GoGuardian is looking to design, build, and continuously improve its Analytics and AI/ML ecosystem by hiring a Data Engineer II to enhance its core data platform.
Requirements
- Proficiency in Python and SQL, with experience in PySpark, pandas, or similar data processing frameworks.
- Experience with DBT
- Experience with modern data warehousing and lakehouse platforms, preferably Databricks.
- Hands-on experience with workflow orchestration tools such as Airflow, Dagster, or Prefect.
- Strong understanding of data modeling, ETL design, and distributed data systems.
- Experience with AWS data and compute services (S3, Lambda, ECS, CloudWatch, etc.) or equivalent cloud platforms.

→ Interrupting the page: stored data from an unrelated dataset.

(* Let $K$ be a field, let $\Lambda$ be the Grassmann algebra over $K$ on odd generators $x_0,x_1,x_2,\dots$, identify $x_i$ with the odd operator of left multiplication by $x_i$ on $\Lambda$, and let $\partial_i$ be the odd superderivation of $\Lambda$ with $\partial_i(x_j)=\delta_{ij}$. For $i\ge 0$ let $$v_i=\sum_{k\ge 0}\Big(\prod_{n=0}^{k-1}x_{i+3n}x_{i+3n+1}\Big)\partial_{i+3k}=\partial_i+x_ix_{i+1}\big(\partial_{i+3}+x_{i+3}x_{i+4}(\partial_{i+6}+\cdots)\big).$$ Then, for all $i,k\ge 0$, with $[a,b]=ab-(-1)^{|a||b|}ba$ the supercommutator in $\operatorname{End}\Lambda$, $$[v_i,v_{i+3k}]=2\Big(\prod_{n=0}^{k-1}x_{i+3n}x_{i+3n+1}\Big)x_{i+3k+1}v_{i+3k+3},$$ $$[v_i,v_{i+3k+1}]=-\Big(\prod_{n=0}^{k-1}x_{i+3n}x_{i+3n+1}\Big)x_{i+3k}v_{i+3k+3},$$ $$[v_i,v_{i+3k+2}]=-\Big(\prod_{n=0}^{k}x_{i+3n}x_{i+3n+1}\Big)x_{i+3k+2}v_{i+3k+5}.$$
   Context: The $v_i$ are odd superderivations of $\Lambda$ given by formal infinite sums; applied to any element of $\Lambda$ only finitely many terms act nontrivially, so they are well-defined elements of $\operatorname{End}\Lambda$. All products of operators are compositions in $\operatorname{End}\Lambda$; $x_i,\partial_i$ are odd, with $\partial_ix_j+x_j\partial_i=\delta_{ij}$, $x_i^2=\partial_i^2=0$, and other pairs anticommuting. *)

theory Defs
  imports Main
begin

text \<open>Grassmann algebra over a field on odd generators x_0, x_1, ...:
  an element is a finitely supported coefficient function on finite sets of
  indices; the set S stands for the monomial x_{s1} x_{s2} ... x_{sm} with
  s1 < s2 < ... < sm.\<close>

definition grass :: "(nat set \<Rightarrow> 'a::field) set" where
  "grass = {f. finite {S. f S \<noteq> 0} \<and> (\<forall>S. f S \<noteq> 0 \<longrightarrow> finite S)}"

text \<open>Sign of reordering the monomial of A followed by the monomial of B.\<close>
definition gsign :: "nat set \<Rightarrow> nat set \<Rightarrow> 'a::field" where
  "gsign A B = (-1) ^ card {(a, b). a \<in> A \<and> b \<in> B \<and> b < a}"

definition gmult :: "(nat set \<Rightarrow> 'a::field) \<Rightarrow> (nat set \<Rightarrow> 'a) \<Rightarrow> nat set \<Rightarrow> 'a" where
  "gmult f g = (\<lambda>S. \<Sum>A\<in>Pow S. gsign A (S - A) * f A * g (S - A))"

definition gen :: "nat \<Rightarrow> nat set \<Rightarrow> 'a::field" where
  "gen j = (\<lambda>S. if S = {j} then 1 else 0)"

definition xop :: "nat \<Rightarrow> (nat set \<Rightarrow> 'a::field) \<Rightarrow> nat set \<Rightarrow> 'a" where
  "xop j f = gmult (gen j) f"

text \<open>The odd superderivation d_j with d_j(x_i) = delta_ij, written out on
  monomials: d_j (x_T) = (-1)^(number of t in T below j) x_(T - {j}) if j in T,
  and 0 otherwise.\<close>
definition dop :: "nat \<Rightarrow> (nat set \<Rightarrow> 'a::field) \<Rightarrow> nat set \<Rightarrow> 'a" where
  "dop j f = (\<lambda>S. if j \<in> S then 0
                   else (-1) ^ card {t \<in> S. t < j} * f (insert j S))"

fun pprod :: "nat \<Rightarrow> nat \<Rightarrow> (nat set \<Rightarrow> 'a::field) \<Rightarrow> nat set \<Rightarrow> 'a" where
  "pprod i 0 = id"
| "pprod i (Suc k) = pprod i k \<circ> xop (i + 3 * k) \<circ> xop (i + 3 * k + 1)"

definition vars :: "(nat set \<Rightarrow> 'a::zero) \<Rightarrow> nat set" where
  "vars f = \<Union>{S. f S \<noteq> 0}"

text \<open>v_i = sum_{k>=0} (prod_{n<k} x_{i+3n} x_{i+3n+1}) d_{i+3k}; applied to f only
  the terms with i+3k among the variables of f can be nonzero (d_j f = 0 otherwise),
  so the formal infinite sum is the finite sum over those k.\<close>
definition vop :: "nat \<Rightarrow> (nat set \<Rightarrow> 'a::field) \<Rightarrow> nat set \<Rightarrow> 'a" where
  "vop i f = (\<lambda>S. \<Sum>k\<in>{k. i + 3 * k \<in> vars f}. pprod i k (dop (i + 3 * k) f) S)"

definition scomm :: "nat \<Rightarrow> nat \<Rightarrow> ((nat set \<Rightarrow> 'a::field) \<Rightarrow> nat set \<Rightarrow> 'a)
     \<Rightarrow> ((nat set \<Rightarrow> 'a) \<Rightarrow> nat set \<Rightarrow> 'a) \<Rightarrow> (nat set \<Rightarrow> 'a) \<Rightarrow> nat set \<Rightarrow> 'a" where
  "scomm pa pb A B = (\<lambda>f S. A (B f) S - (-1) ^ (pa * pb) * B (A f) S)"

end

theory Submission imports Defs "HOL-Library.Function_Algebras" begin

text \<open>On the Grassmann algebra the operators x_j and d_j satisfy the canonical
  anticommutation relations. Applied to an element whose variables all lie below T,
  v_i agrees with its truncation W_i to the terms with index i + 3k < T, and these
  truncations satisfy W_i = d_i + x_i x_{i+1} W_{i+3}, with W_j anticommuting with x_l
  and d_l for l < j. Hence for j \<ge> i + 3 the anticommutator [W_i, W_j] equals
  x_i x_{i+1} [W_{i+3}, W_j], and iterating reduces the three identities to
  [W_j, W_j], [W_j, W_{j+1}] and [W_j, W_{j+2}], which the anticommutation relations
  evaluate directly.\<close>

definition sign_below :: "nat set \<Rightarrow> nat \<Rightarrow> 'a::field" where
  "sign_below S j = (-1) ^ card {t \<in> S. t < j}"

text \<open>It agrees with xop only on
  functions vanishing on infinite index sets, since on an infinite S the Grassmann
  product is a sum over the infinite set Pow S and hence 0.\<close>
definition xmul :: "nat \<Rightarrow> (nat set \<Rightarrow> 'a::field) \<Rightarrow> nat set \<Rightarrow> 'a" where
  "xmul j g = (\<lambda>S. if j \<in> S then sign_below S j * g (S - {j}) else 0)"

lemma dop_sign_below: "dop j g = (\<lambda>S. if j \<in> S then 0 else sign_below S j * g (insert j S))"
  unfolding dop_def sign_below_def ..

lemma sign_below_insert:
  "sign_below (insert a S) b = (if a < b \<and> a \<notin> S then - sign_below S b else (sign_below S b :: 'a::field))"
proof (cases "a < b \<and> a \<notin> S")
  case True
  then have "{t \<in> insert a S. t < b} = insert a {t \<in> S. t < b}" by auto
  then show ?thesis using True by (simp add: sign_below_def)
next
  case False
  then have "{t \<in> insert a S. t < b} = {t \<in> S. t < b}" by auto
  then have "sign_below (insert a S) b = (sign_below S b :: 'a)" by (simp add: sign_below_def)
  with False show ?thesis by argo
qed

lemma sign_below_remove:
  "sign_below (S - {a}) b = (if a < b \<and> a \<in> S then - sign_below S b else (sign_below S b :: 'a::field))"
proof (cases "a < b \<and> a \<in> S")
  case True
  then have "sign_below S b = - (sign_below (S - {a}) b :: 'a)"
    using sign_below_insert[of a "S - {a}" b] by (simp add: insert_absorb)
  then show ?thesis using True by simp
next
  case False
  then have "{t \<in> S - {a}. t < b} = {t \<in> S. t < b}" by auto
  then have "sign_below (S - {a}) b = (sign_below S b :: 'a)" by (simp add: sign_below_def)
  with False show ?thesis by argo
qed

lemma sign_below_square: "sign_below S j * sign_below S j = (1::'a::field)"
  by (simp add: sign_below_def power_mult_distrib[symmetric])

lemma xmul_add [simp]: "xmul j (g + h) = xmul j g + xmul j h"
  by (auto simp: fun_eq_iff xmul_def algebra_simps)

lemma xmul_minus [simp]: "xmul j (- g) = - xmul j g"
  by (auto simp: fun_eq_iff xmul_def)

lemma xmul_diff [simp]: "xmul j (g - h) = xmul j g - xmul j h"
  by (auto simp: fun_eq_iff xmul_def algebra_simps)

lemma xmul_zero [simp]: "xmul j 0 = 0"
  by (simp add: fun_eq_iff xmul_def)

lemma dop_add [simp]: "dop j (g + h) = dop j g + dop j h"
  by (auto simp: fun_eq_iff dop_def algebra_simps)

lemma dop_minus [simp]: "dop j (- g) = - dop j g"
  by (auto simp: fun_eq_iff dop_def)

lemma dop_diff [simp]: "dop j (g - h) = dop j g - dop j h"
  by (auto simp: fun_eq_iff dop_def algebra_simps)

lemma dop_zero [simp]: "dop j 0 = 0"
  by (simp add: fun_eq_iff dop_def)

lemma xmul_sum: "xmul j (\<lambda>S. \<Sum>k\<in>K. h k S) = (\<lambda>S. \<Sum>k\<in>K. xmul j (h k) S)"
  by (auto simp: fun_eq_iff xmul_def sum_distrib_left)

subsection \<open>Canonical anticommutation relations\<close>

lemma xmul_xmul_same [simp]: "xmul a (xmul a g) = 0"
  by (auto simp: fun_eq_iff xmul_def)

lemma dop_dop_same [simp]: "dop a (dop a g) = 0"
  by (auto simp: fun_eq_iff dop_def)

lemma xmul_anticomm: "b < a \<Longrightarrow> xmul a (xmul b g) = - xmul b (xmul a g)"
  by (auto simp: fun_eq_iff xmul_def sign_below_remove Diff_insert2[symmetric] insert_commute)

lemma dop_anticomm: "b < a \<Longrightarrow> dop a (dop b g) = - dop b (dop a g)"
  by (auto simp: fun_eq_iff dop_sign_below sign_below_insert insert_commute)

lemma dop_xmul_anticomm: "a \<noteq> b \<Longrightarrow> dop a (xmul b g) = - xmul b (dop a g)"
  by (auto simp: fun_eq_iff dop_sign_below xmul_def sign_below_insert sign_below_remove insert_Diff_if)

lemma dop_xmul_same: "dop a (xmul a g) = g - xmul a (dop a g)"
  by (auto simp: fun_eq_iff dop_sign_below xmul_def sign_below_insert sign_below_remove
      insert_absorb sign_below_square)

subsection \<open>Truncations of v_i\<close>

fun xpairs :: "nat \<Rightarrow> nat \<Rightarrow> (nat set \<Rightarrow> 'a::field) \<Rightarrow> nat set \<Rightarrow> 'a" where
  "xpairs i 0 = id"
| "xpairs i (Suc k) = xpairs i k \<circ> xmul (i + 3 * k) \<circ> xmul (i + 3 * k + 1)"

lemma xpairs_add [simp]: "xpairs i k (g + h) = xpairs i k g + xpairs i k h"
  by (induction k arbitrary: g h) auto

lemma xpairs_minus [simp]: "xpairs i k (- g) = - xpairs i k g"
  by (induction k arbitrary: g) auto

lemma xpairs_diff [simp]: "xpairs i k (g - h) = xpairs i k g - xpairs i k h"
  by (induction k arbitrary: g h) auto

lemma xpairs_zero [simp]: "xpairs i k 0 = 0"
  by (induction k) (simp_all only: xpairs.simps comp_apply id_apply xmul_zero)

lemma xpairs_Suc_left: "xpairs i (Suc k) g = xmul i (xmul (i + 1) (xpairs (i + 3) k g))"
proof (induction k arbitrary: g)
  case (Suc k)
  have "xpairs i (Suc (Suc k)) g = xpairs i (Suc k) (xmul (i + 3 * Suc k) (xmul (i + 3 * Suc k + 1) g))"
    by simp
  also have "\<dots> = xmul i (xmul (i + 1) (xpairs (i + 3) (Suc k) g))"
    by (simp only: Suc) (simp add: algebra_simps)
  finally show ?case .
qed simp

definition vtrunc :: "nat \<Rightarrow> nat \<Rightarrow> (nat set \<Rightarrow> 'a::field) \<Rightarrow> nat set \<Rightarrow> 'a" where
  "vtrunc T i g = (\<lambda>S. \<Sum>k\<in>{k. i + 3 * k < T}. xpairs i k (dop (i + 3 * k) g) S)"

lemma finite_index_below: "finite {k. i + 3 * k < (T::nat)}"
  by (rule finite_subset[of _ "{..<T}"]) auto

lemma vtrunc_add [simp]: "vtrunc T i (g + h) = vtrunc T i g + vtrunc T i h"
  by (simp add: vtrunc_def fun_eq_iff sum.distrib)

lemma vtrunc_minus [simp]: "vtrunc T i (- g) = - vtrunc T i g"
  by (simp add: vtrunc_def fun_eq_iff sum_negf)

lemma vtrunc_diff [simp]: "vtrunc T i (g - h) = vtrunc T i g - vtrunc T i h"
  by (simp add: vtrunc_def fun_eq_iff sum_subtractf)

lemma vtrunc_beyond: "T \<le> i \<Longrightarrow> vtrunc T i g = 0"
  by (simp add: vtrunc_def fun_eq_iff)

lemma vtrunc_unfold:
  assumes "i < T"
  shows "vtrunc T i g = dop i g + xmul i (xmul (i + 1) (vtrunc T (i + 3) g))"
proof -
  have indices: "{k. i + 3 * k < T} = insert 0 (Suc ` {k. i + 3 + 3 * k < T})"
  proof (intro set_eqI iffI)
    fix k assume "k \<in> {k. i + 3 * k < T}"
    then show "k \<in> insert 0 (Suc ` {k. i + 3 + 3 * k < T})"
      by (cases k) auto
  qed (use assms in auto)
  have "vtrunc T i g = (\<lambda>S. dop i g S
          + (\<Sum>k\<in>{k. i + 3 + 3 * k < T}. xpairs i (Suc k) (dop (i + 3 * Suc k) g) S))"
    unfolding vtrunc_def indices using finite_index_below by (simp add: sum.reindex)
  also have "\<dots> = dop i g + xmul i (xmul (i + 1) (vtrunc T (i + 3) g))"
    unfolding vtrunc_def xmul_sum xpairs_Suc_left by (simp add: algebra_simps fun_eq_iff)
  finally show ?thesis .
qed

lemma vtrunc_anticomm:
  assumes "l < j"
  shows "vtrunc T j (xmul l g) = - xmul l (vtrunc T j g) \<and> vtrunc T j (dop l g) = - dop l (vtrunc T j g)"
  using assms
proof (induction "T - j" arbitrary: j g rule: less_induct)
  case less
  show ?case
  proof (cases "j < T")
    case True
    have "vtrunc T (j + 3) (xmul l h) = - xmul l (vtrunc T (j + 3) h)"
         "vtrunc T (j + 3) (dop l h) = - dop l (vtrunc T (j + 3) h)" for h :: "nat set \<Rightarrow> 'a"
      using less True by auto
    with less.prems True show ?thesis
      by (simp add: vtrunc_unfold[of j T] dop_xmul_anticomm xmul_anticomm dop_anticomm)
  qed (simp add: vtrunc_beyond)
qed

- Familiarity with MLOps concepts (e.g., feature stores, model registries, CI/CD for ML).
Responsibilities
- Design, build, and optimize ETL pipelines that power analytics, data science, and ML workflows using tools such as Databricks, PySpark, and Airflow.
- Develop and maintain labeling and retraining pipelines for machine learning models, ensuring quality, reproducibility, and observability.
- Implement and support MLOps practices, including model versioning, CI/CD for ML, and model monitoring in production environments.
- Collaborate with data scientists to productionize and scale model training, inference, and evaluation pipelines.
- Contribute to the design and evolution of the data lakehouse, including schema design, partitioning strategies, and performance optimization.
- Document and communicate data architecture, lineage, and dependencies to ensure transparency and maintainability across teams.
- Champion data quality and governance, ensuring that datasets are accurate, well-structured, and compliant with organizational standards.
Other
- 2–4 years of experience building and operating large-scale data systems, ideally supporting analytics and ML workloads.
- Experience using Infrastructure as Code, preferably Terraform.
- Excellent problem-solving, collaboration, and communication skills; comfortable working in a dynamic, fast-paced environment.
- Bachelor’s degree in Computer Science, Engineering, or related field.
- Remote work